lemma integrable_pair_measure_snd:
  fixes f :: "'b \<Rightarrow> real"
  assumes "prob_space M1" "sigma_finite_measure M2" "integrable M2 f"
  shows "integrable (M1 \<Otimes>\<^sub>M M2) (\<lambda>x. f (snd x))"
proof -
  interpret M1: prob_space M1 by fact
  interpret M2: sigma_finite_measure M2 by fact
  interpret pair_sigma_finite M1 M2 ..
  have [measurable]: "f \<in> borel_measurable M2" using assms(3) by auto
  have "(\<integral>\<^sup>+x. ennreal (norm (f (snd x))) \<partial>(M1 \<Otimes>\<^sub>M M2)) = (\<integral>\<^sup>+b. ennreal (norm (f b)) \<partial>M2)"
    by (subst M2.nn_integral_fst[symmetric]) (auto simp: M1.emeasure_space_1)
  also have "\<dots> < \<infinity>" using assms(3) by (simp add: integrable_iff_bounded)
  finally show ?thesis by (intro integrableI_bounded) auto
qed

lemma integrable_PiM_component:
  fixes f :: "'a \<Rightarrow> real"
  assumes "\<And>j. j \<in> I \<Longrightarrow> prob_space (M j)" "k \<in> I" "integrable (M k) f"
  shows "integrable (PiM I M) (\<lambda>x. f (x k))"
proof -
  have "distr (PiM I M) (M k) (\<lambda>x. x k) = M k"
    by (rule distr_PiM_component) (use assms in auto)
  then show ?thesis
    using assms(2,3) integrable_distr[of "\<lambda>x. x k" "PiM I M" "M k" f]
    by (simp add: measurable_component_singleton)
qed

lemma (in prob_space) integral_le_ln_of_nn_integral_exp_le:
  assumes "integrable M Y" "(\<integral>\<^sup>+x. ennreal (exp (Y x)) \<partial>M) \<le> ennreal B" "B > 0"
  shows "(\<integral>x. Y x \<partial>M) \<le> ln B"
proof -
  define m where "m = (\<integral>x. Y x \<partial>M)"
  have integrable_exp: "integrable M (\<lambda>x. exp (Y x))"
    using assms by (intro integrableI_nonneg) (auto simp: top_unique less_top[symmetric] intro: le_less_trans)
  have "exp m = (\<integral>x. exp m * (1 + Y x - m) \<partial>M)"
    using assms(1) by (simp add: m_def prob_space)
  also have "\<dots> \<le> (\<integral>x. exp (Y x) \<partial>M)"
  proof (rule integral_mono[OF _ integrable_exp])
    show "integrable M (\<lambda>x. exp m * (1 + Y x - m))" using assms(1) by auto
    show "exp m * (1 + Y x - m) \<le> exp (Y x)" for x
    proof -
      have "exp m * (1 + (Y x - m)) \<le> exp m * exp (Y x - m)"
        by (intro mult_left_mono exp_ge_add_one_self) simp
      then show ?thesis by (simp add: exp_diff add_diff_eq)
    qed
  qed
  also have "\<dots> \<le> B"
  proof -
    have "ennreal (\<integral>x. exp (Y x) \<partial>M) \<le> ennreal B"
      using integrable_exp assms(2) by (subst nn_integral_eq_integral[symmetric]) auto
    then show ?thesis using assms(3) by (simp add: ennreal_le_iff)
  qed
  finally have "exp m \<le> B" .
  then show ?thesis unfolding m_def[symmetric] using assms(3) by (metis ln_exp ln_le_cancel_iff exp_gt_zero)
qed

◆ ◆ ◆ ◆

■ **What the task asks**
For each line above that includes "also", copy the line.

■ **Exercise solution**
  also have "\<dots> < \<infinity>" using assms(3) by (simp add: integrable_iff_bounded)
  also have "\<dots> \<le> (\<integral>x. exp (Y x) \<partial>M)"
  also have "\<dots> \<le> B"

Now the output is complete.